* YOUR TASK:
Your answer should consist of each line below that contains the string "fixes".

* MATERIAL SUPPLIED:
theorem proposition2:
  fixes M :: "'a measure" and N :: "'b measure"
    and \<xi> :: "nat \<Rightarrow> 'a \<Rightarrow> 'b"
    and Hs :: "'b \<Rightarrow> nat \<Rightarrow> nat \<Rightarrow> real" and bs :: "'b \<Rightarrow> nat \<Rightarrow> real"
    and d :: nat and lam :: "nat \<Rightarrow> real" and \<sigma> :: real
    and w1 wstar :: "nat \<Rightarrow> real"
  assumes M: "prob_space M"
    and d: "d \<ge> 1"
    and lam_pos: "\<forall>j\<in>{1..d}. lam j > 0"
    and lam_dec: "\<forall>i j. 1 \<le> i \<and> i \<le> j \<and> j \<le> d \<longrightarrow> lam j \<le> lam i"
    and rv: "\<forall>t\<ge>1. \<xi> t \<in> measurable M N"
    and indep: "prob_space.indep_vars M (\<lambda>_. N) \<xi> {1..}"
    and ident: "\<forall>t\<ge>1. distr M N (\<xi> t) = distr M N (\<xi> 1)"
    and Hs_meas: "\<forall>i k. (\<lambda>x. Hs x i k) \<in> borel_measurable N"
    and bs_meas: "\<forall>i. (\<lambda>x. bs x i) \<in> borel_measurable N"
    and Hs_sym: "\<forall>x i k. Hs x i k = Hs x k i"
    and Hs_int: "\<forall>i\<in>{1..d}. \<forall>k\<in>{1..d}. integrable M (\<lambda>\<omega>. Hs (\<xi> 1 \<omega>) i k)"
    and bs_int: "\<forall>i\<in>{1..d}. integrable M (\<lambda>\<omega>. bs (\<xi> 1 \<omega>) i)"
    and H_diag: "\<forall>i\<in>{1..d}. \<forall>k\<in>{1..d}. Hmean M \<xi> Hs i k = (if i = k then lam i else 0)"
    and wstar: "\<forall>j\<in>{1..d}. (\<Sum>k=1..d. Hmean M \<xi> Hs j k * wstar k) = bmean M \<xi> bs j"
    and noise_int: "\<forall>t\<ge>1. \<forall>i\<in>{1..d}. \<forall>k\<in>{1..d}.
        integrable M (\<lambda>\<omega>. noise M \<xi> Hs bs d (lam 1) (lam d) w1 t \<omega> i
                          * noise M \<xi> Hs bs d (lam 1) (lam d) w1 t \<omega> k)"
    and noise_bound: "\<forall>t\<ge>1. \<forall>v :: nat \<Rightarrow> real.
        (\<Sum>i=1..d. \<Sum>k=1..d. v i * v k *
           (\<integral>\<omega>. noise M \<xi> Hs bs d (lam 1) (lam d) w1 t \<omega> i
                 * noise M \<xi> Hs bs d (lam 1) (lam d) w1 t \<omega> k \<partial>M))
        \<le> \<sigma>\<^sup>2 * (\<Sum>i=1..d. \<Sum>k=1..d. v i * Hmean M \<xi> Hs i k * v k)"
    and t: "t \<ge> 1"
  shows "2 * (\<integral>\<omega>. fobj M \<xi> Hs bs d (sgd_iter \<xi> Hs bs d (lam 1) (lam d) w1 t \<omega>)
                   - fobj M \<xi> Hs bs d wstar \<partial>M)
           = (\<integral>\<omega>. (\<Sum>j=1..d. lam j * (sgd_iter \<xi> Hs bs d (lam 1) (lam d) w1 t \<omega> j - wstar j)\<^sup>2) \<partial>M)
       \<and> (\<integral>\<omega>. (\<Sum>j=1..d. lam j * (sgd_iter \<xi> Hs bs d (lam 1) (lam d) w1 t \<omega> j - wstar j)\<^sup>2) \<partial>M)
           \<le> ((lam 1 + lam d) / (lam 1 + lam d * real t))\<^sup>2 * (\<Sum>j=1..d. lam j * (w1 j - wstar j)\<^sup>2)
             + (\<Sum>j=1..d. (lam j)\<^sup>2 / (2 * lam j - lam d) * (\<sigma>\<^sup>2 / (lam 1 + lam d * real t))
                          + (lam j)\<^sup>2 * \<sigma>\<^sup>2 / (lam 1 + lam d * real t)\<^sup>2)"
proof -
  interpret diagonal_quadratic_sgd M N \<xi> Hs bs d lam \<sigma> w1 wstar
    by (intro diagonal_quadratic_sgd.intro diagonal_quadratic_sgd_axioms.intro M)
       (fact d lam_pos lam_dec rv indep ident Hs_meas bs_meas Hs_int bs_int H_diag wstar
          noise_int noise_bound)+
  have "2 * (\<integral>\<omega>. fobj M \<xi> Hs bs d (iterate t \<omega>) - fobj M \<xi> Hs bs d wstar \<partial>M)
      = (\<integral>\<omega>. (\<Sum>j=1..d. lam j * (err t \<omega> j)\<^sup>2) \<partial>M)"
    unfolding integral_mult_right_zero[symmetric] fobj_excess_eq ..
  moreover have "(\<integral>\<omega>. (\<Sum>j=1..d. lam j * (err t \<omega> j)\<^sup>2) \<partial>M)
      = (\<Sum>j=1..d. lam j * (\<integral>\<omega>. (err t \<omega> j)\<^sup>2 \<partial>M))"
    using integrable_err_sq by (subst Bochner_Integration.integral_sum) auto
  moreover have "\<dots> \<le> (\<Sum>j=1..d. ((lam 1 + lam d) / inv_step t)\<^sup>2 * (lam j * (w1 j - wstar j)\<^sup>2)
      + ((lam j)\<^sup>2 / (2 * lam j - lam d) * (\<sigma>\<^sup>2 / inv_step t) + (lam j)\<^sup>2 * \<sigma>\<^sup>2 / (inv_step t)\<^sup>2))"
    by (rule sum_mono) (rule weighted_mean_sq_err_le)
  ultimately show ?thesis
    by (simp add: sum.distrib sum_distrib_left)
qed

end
--
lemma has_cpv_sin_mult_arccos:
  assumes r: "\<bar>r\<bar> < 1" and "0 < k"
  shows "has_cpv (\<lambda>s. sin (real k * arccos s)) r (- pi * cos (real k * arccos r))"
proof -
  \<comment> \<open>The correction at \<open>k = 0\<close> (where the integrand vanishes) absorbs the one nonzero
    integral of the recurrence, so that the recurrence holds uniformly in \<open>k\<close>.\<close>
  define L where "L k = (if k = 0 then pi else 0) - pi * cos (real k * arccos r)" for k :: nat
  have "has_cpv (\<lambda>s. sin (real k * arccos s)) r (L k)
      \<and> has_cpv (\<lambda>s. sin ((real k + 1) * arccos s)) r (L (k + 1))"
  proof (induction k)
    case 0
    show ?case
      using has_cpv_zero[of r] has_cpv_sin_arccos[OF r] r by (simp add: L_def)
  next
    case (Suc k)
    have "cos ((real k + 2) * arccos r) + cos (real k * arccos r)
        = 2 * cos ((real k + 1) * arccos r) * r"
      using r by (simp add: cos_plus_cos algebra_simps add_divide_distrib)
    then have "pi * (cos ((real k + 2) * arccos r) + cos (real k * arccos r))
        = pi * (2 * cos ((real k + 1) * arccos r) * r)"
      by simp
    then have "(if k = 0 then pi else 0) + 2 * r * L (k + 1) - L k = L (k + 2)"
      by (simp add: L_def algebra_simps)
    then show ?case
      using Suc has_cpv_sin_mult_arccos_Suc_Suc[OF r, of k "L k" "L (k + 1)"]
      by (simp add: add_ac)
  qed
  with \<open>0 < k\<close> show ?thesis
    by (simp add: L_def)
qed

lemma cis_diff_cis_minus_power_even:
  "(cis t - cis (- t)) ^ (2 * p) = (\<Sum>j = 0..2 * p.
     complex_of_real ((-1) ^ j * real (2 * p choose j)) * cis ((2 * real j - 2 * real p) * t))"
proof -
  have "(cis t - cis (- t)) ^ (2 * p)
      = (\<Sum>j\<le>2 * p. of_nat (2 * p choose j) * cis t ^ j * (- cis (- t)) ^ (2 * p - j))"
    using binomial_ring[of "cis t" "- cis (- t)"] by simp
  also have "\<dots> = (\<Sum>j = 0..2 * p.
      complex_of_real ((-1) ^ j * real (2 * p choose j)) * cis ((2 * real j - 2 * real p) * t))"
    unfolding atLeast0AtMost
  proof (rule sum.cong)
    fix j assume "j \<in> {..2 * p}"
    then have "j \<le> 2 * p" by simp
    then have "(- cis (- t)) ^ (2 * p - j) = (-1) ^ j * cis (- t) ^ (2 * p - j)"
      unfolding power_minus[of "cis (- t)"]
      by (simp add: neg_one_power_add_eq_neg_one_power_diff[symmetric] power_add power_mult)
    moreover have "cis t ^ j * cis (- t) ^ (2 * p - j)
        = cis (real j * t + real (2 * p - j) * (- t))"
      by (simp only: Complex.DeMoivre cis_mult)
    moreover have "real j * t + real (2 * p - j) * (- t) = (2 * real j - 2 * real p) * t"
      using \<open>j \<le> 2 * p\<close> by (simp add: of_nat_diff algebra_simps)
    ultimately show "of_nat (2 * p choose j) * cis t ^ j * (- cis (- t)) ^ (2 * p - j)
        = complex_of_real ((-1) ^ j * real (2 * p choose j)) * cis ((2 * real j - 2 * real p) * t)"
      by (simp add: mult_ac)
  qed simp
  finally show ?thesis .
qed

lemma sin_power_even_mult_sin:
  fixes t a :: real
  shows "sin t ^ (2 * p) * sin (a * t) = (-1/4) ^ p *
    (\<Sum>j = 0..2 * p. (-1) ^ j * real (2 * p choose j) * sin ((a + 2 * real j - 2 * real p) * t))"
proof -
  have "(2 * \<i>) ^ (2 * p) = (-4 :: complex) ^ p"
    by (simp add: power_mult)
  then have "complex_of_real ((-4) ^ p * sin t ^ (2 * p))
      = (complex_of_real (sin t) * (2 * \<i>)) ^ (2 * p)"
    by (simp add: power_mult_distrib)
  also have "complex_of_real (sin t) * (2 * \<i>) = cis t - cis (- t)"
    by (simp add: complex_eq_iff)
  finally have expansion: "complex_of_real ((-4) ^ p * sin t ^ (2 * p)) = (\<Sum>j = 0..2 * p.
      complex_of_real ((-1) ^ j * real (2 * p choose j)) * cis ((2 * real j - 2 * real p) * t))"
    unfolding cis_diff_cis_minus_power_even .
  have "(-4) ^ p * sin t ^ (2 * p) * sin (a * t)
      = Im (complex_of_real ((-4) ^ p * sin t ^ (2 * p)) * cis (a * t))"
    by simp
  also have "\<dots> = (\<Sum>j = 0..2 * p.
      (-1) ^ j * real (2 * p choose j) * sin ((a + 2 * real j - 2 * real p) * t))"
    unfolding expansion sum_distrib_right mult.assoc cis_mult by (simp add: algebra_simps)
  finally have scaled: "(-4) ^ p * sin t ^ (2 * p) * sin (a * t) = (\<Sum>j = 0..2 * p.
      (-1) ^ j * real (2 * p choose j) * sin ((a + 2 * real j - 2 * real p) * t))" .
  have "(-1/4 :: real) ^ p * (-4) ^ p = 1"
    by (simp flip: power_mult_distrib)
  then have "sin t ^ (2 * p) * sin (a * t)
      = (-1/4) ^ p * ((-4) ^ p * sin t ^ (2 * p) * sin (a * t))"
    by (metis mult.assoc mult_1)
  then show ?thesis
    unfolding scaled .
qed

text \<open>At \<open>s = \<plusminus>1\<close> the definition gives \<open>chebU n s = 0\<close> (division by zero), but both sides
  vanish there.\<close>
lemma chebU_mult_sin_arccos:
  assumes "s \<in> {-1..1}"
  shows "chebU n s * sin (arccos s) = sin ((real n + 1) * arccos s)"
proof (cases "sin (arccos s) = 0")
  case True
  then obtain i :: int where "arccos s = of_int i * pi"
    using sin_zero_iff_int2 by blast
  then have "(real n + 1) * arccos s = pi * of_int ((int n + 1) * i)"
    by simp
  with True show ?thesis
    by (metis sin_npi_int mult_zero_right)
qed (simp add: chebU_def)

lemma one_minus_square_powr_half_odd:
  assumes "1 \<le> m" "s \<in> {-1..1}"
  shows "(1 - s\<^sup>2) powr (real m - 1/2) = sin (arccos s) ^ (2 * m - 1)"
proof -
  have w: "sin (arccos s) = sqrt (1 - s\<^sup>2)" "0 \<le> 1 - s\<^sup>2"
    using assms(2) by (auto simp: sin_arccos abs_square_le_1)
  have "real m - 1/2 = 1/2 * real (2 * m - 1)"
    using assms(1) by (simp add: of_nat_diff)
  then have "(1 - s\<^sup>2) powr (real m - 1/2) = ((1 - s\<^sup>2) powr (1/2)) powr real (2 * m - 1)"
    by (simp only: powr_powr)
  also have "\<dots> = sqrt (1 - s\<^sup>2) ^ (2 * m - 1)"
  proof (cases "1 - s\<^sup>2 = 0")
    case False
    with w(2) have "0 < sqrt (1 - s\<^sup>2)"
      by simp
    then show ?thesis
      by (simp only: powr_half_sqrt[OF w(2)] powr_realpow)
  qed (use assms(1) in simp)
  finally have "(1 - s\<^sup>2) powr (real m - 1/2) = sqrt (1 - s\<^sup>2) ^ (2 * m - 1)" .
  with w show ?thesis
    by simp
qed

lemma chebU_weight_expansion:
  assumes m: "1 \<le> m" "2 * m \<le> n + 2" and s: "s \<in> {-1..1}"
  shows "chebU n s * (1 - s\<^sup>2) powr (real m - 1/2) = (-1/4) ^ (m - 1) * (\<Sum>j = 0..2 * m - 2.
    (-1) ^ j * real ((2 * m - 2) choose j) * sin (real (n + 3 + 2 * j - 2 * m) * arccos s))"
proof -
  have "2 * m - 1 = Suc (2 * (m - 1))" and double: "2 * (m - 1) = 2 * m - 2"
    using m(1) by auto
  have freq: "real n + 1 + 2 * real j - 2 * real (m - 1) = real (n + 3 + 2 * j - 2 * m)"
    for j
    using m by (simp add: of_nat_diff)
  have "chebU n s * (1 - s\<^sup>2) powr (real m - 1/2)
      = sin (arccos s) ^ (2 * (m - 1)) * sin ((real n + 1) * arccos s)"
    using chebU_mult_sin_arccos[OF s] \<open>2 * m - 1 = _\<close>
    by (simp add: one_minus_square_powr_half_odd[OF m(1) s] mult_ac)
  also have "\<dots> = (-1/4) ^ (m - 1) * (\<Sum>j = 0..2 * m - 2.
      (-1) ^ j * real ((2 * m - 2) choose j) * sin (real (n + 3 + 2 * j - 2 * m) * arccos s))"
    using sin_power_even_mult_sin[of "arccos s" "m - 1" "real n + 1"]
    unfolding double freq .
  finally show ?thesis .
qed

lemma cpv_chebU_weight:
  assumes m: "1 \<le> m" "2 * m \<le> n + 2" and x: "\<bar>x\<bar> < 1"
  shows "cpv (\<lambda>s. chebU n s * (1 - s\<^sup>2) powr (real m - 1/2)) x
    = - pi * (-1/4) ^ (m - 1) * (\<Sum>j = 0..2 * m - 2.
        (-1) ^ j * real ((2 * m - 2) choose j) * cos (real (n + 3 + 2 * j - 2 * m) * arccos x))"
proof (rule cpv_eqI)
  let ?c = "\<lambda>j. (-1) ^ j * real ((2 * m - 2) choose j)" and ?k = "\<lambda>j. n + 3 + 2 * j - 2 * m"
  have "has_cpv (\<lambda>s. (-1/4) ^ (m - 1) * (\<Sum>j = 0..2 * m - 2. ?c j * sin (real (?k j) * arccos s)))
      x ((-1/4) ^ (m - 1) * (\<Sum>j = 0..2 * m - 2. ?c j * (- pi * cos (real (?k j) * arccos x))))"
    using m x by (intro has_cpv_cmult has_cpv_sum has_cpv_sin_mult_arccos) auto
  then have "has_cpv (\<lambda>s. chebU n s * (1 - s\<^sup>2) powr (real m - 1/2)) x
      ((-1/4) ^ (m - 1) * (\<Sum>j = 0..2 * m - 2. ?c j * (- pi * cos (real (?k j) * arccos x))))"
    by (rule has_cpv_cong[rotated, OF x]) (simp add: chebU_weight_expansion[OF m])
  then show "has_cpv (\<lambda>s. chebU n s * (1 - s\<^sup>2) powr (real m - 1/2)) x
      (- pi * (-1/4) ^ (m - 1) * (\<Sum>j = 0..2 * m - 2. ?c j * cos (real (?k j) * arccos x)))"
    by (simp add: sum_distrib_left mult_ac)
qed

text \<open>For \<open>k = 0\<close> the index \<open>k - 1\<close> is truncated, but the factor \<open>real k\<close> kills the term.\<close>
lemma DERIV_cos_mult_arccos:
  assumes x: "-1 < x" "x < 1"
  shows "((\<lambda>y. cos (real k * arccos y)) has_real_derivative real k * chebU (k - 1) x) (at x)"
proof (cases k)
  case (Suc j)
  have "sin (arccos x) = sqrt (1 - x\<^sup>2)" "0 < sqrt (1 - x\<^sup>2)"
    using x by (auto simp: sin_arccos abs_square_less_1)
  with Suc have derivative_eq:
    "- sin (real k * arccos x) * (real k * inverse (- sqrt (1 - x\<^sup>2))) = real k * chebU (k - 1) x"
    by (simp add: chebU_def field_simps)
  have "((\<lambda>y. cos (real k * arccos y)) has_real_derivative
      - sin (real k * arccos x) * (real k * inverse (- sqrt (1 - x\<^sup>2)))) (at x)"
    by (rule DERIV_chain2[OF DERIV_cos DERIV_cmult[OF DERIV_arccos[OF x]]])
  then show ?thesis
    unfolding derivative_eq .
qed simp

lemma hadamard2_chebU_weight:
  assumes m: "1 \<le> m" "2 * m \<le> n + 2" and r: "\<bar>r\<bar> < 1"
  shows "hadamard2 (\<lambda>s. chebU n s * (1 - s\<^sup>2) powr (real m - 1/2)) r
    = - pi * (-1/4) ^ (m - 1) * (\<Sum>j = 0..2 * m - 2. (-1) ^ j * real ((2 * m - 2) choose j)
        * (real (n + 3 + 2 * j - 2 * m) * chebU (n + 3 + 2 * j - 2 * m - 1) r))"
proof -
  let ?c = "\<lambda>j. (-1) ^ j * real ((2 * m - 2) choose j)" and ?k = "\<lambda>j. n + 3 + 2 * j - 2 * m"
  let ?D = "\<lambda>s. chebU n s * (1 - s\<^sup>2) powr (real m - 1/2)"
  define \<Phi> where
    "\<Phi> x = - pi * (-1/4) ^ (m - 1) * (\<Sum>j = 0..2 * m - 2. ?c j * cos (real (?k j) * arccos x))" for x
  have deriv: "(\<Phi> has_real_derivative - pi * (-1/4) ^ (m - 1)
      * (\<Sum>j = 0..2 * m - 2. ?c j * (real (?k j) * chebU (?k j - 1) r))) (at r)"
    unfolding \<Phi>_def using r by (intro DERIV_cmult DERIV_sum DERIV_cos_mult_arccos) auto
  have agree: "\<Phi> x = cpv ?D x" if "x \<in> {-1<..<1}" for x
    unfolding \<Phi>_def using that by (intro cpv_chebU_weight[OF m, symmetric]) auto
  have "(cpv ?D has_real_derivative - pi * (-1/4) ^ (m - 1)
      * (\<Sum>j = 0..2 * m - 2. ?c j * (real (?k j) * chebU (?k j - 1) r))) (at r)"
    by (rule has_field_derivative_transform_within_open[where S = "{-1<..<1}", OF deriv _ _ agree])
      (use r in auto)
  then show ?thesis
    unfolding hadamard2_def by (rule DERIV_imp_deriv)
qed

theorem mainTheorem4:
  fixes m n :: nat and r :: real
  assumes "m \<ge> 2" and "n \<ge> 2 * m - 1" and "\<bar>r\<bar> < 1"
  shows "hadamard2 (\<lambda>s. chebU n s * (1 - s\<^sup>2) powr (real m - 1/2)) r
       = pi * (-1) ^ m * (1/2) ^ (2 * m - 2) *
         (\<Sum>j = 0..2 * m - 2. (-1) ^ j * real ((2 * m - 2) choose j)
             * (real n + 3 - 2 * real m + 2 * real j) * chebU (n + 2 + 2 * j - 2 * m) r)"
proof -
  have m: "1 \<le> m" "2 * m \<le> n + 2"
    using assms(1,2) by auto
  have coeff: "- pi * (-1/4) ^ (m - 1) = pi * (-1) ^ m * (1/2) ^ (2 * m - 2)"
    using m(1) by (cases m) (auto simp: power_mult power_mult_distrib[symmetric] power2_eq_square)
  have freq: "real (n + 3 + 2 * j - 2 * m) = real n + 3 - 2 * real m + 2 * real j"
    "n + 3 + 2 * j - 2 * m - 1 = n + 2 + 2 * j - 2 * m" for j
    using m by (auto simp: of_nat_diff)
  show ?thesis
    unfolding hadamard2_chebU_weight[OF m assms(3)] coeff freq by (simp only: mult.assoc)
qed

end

* OUTPUT FOR THIS TASK:
  fixes M :: "'a measure" and N :: "'b measure"
  fixes t a :: real
  fixes m n :: nat and r :: real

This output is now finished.